> Activity
The result should be every line that contains the word "down", taken from the material.

+ + + + + + +

lemma maximal_lattice_ideal_prime:
  assumes meet: "\<And>a b. a \<in> F \<Longrightarrow> b \<in> F \<Longrightarrow> a \<sqinter> b \<in> F" and "F \<noteq> {}"
    and M: "lattice_ideal M" "M \<inter> F = {}"
    and maximal: "\<And>J. lattice_ideal J \<Longrightarrow> J \<inter> F = {} \<Longrightarrow> M \<subseteq> J \<Longrightarrow> J = M"
  shows "prime_ideal M"
proof -
  have down: "\<And>a b. a \<in> M \<Longrightarrow> b \<le> a \<Longrightarrow> b \<in> M" and sup: "\<And>a b. a \<in> M \<Longrightarrow> b \<in> M \<Longrightarrow> a \<squnion> b \<in> M"
    using M(1) unfolding lattice_ideal_def by blast+
  have meets_F: "\<exists>f\<in>F. \<exists>m\<in>M. f \<le> m \<squnion> a" if "a \<notin> M" for a
  proof (rule ccontr)
    let ?Ma = "{w. \<exists>m\<in>M. w \<le> m \<squnion> a}"
    assume "\<not> ?thesis"
    then have "?Ma \<inter> F = {}" by blast
    moreover have "M \<subseteq> ?Ma" by (blast intro: sup.cobounded1)
    ultimately have "?Ma = M" using maximal lattice_ideal_adjoin[OF M(1)] by blast
    moreover have "a \<in> ?Ma" using M(1) unfolding lattice_ideal_def by auto
    ultimately show False using that by blast
  qed
  have "a \<in> M \<or> b \<in> M" if ab: "a \<sqinter> b \<in> M" for a b
  proof (rule ccontr)
    assume "\<not> (a \<in> M \<or> b \<in> M)"
    then obtain f1 m1 f2 m2 where f: "f1 \<in> F" "m1 \<in> M" "f1 \<le> m1 \<squnion> a" "f2 \<in> F" "m2 \<in> M" "f2 \<le> m2 \<squnion> b"
      using meets_F by blast
    have "m1 \<squnion> a \<le> (m1 \<squnion> m2) \<squnion> a" "m2 \<squnion> b \<le> (m1 \<squnion> m2) \<squnion> b"
      by (simp_all add: le_supI1)
    then have "f1 \<sqinter> f2 \<le> ((m1 \<squnion> m2) \<squnion> a) \<sqinter> ((m1 \<squnion> m2) \<squnion> b)"
      using f by (blast intro: inf_mono order_trans)
    also have "\<dots> = (m1 \<squnion> m2) \<squnion> (a \<sqinter> b)" by (rule sup_inf_distrib1[symmetric])
    finally have "f1 \<sqinter> f2 \<le> (m1 \<squnion> m2) \<squnion> (a \<sqinter> b)" .
    moreover have "(m1 \<squnion> m2) \<squnion> (a \<sqinter> b) \<in> M" using sup f(2,5) ab by blast
    ultimately have "f1 \<sqinter> f2 \<in> M" by (rule down[rotated])
    then show False using meet f M(2) by blast
  qed
  moreover have "M \<noteq> UNIV" using \<open>F \<noteq> {}\<close> M(2) by blast
  moreover have "bot \<in> M" using M(1) unfolding lattice_ideal_def by blast
  ultimately show ?thesis
    unfolding prime_ideal_def using down sup by blast
qed

lemma exists_prime_ideal_avoiding:
  assumes meet: "\<And>a b. a \<in> F \<Longrightarrow> b \<in> F \<Longrightarrow> a \<sqinter> b \<in> F" and "bot \<notin> F" "F \<noteq> {}"
  shows "\<exists>J. prime_ideal J \<and> J \<inter> F = {}"
proof -
  let ?A = "{J. lattice_ideal J \<and> J \<inter> F = {}}"
  have "lattice_ideal {bot}"
    unfolding lattice_ideal_def by (simp add: bot_unique)
  then have "{bot} \<in> ?A" using \<open>bot \<notin> F\<close> by simp
  moreover have "\<Union>C \<in> ?A" if "C \<noteq> {}" "subset.chain ?A C" for C
  proof -
    have CA: "\<And>J. J \<in> C \<Longrightarrow> lattice_ideal J \<and> J \<inter> F = {}"
      and total: "\<And>J K. J \<in> C \<Longrightarrow> K \<in> C \<Longrightarrow> J \<subseteq> K \<or> K \<subseteq> J"
      using that(2) unfolding subset_chain_def by blast+
    have "a \<squnion> b \<in> \<Union>C" if ab: "a \<in> J" "J \<in> C" "b \<in> K" "K \<in> C" for a b J K
    proof -
      from total[OF ab(2,4)] obtain L where "L \<in> C" "a \<in> L" "b \<in> L" using ab by blast
      then show ?thesis using CA[of L] unfolding lattice_ideal_def by blast
    qed
    moreover have "bot \<in> \<Union>C" using CA \<open>C \<noteq> {}\<close> unfolding lattice_ideal_def by blast
    moreover have "b \<in> \<Union>C" if "a \<in> J" "J \<in> C" "b \<le> a" for a b J
      using that CA[of J] unfolding lattice_ideal_def by blast
    ultimately have "lattice_ideal (\<Union>C)"
      unfolding lattice_ideal_def by (intro conjI allI impI) blast+
    moreover have "\<Union>C \<inter> F = {}" using CA by blast
    ultimately show ?thesis by simp
  qed
  ultimately obtain M where M: "M \<in> ?A" and maximal: "\<forall>J\<in>?A. M \<subseteq> J \<longrightarrow> J = M"
    using subset_Zorn_nonempty[of ?A] by blast
  have "prime_ideal M"
    using maximal_lattice_ideal_prime[OF meet \<open>F \<noteq> {}\<close>] M maximal by simp
  then show ?thesis using M by blast
qed

section \<open>Pseudocomplemented lattices\<close>

locale pseudocomplemented =
  fixes pc :: "'a::{bounded_lattice,distrib_lattice} \<Rightarrow> 'a"
  assumes pseudocomplement: "is_pseudocomplement pc"
begin

lemma inf_eq_bot_iff_le_pc: "a \<sqinter> b = bot \<longleftrightarrow> b \<le> pc a"
  using pseudocomplement unfolding is_pseudocomplement_def by blast

lemma le_pcI: "a \<sqinter> b = bot \<Longrightarrow> b \<le> pc a"
  by (simp add: inf_eq_bot_iff_le_pc)

lemma inf_pc [simp]: "a \<sqinter> pc a = bot"
  using inf_eq_bot_iff_le_pc by blast

lemma inf_pc_inf [simp]: "a \<sqinter> (pc a \<sqinter> b) = bot" "a \<sqinter> (b \<sqinter> pc a) = bot"
  by (simp add: inf_assoc[symmetric]) (subst inf_left_commute, simp)

lemma pc_antimono:
  assumes "a \<le> b" shows "pc b \<le> pc a"
proof (rule le_pcI)
  have "a \<sqinter> pc b \<le> b \<sqinter> pc b" using assms by (rule inf_mono) simp
  then show "a \<sqinter> pc b = bot" by (simp add: bot_unique)
qed

lemma le_pc_pc: "a \<le> pc (pc a)"
  by (rule le_pcI) (subst inf_commute, simp)

lemma pc_pc_pc [simp]: "pc (pc (pc a)) = pc a"
  by (simp add: order.antisym le_pc_pc pc_antimono)

lemma pc_bot [simp]: "pc bot = top"
  using le_pcI[of bot top] by (simp add: top_le)

lemma pc_top [simp]: "pc top = bot"
  by (metis inf_pc inf_top_left)

lemma pc_sup: "pc (a \<squnion> b) = pc a \<sqinter> pc b"
proof (rule order.antisym)
  show "pc (a \<squnion> b) \<le> pc a \<sqinter> pc b" by (simp add: pc_antimono)
  show "pc a \<sqinter> pc b \<le> pc (a \<squnion> b)"
    by (rule le_pcI) (simp add: inf_sup_distrib2)
qed

lemma pc_pc_inf: "pc (pc (a \<sqinter> b)) = pc (pc a) \<sqinter> pc (pc b)"
proof (rule order.antisym)
  show "pc (pc (a \<sqinter> b)) \<le> pc (pc a) \<sqinter> pc (pc b)" by (simp add: pc_antimono)
  have "b \<sqinter> (pc (a \<sqinter> b) \<sqinter> a) = (a \<sqinter> b) \<sqinter> pc (a \<sqinter> b)"
    by (simp only: inf_aci)
  then have 1: "pc (a \<sqinter> b) \<sqinter> a \<le> pc b"
    by (intro le_pcI) simp
  have "a \<sqinter> (pc (a \<sqinter> b) \<sqinter> pc (pc b)) = (pc (a \<sqinter> b) \<sqinter> a) \<sqinter> pc (pc b)"
    by (simp only: inf_aci)
  also have "\<dots> \<le> pc b \<sqinter> pc (pc b)" using 1 by (rule inf_mono) simp
  finally have 2: "pc (a \<sqinter> b) \<sqinter> pc (pc b) \<le> pc a"
    by (intro le_pcI) (simp add: bot_unique)
  have "pc (a \<sqinter> b) \<sqinter> (pc (pc a) \<sqinter> pc (pc b)) = (pc (a \<sqinter> b) \<sqinter> pc (pc b)) \<sqinter> pc (pc a)"
    by (simp only: inf_aci)
  also have "\<dots> \<le> pc a \<sqinter> pc (pc a)" using 2 by (rule inf_mono) simp
  finally show "pc (pc a) \<sqinter> pc (pc b) \<le> pc (pc (a \<sqinter> b))"
    by (intro le_pcI) (simp add: bot_unique)
qed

+ + + + + + +

> Exercise response
  have down: "\<And>a b. a \<in> M \<Longrightarrow> b \<le> a \<Longrightarrow> b \<in> M" and sup: "\<And>a b. a \<in> M \<Longrightarrow> b \<in> M \<Longrightarrow> a \<squnion> b \<in> M"
    ultimately have "f1 \<sqinter> f2 \<in> M" by (rule down[rotated])
    unfolding prime_ideal_def using down sup by blast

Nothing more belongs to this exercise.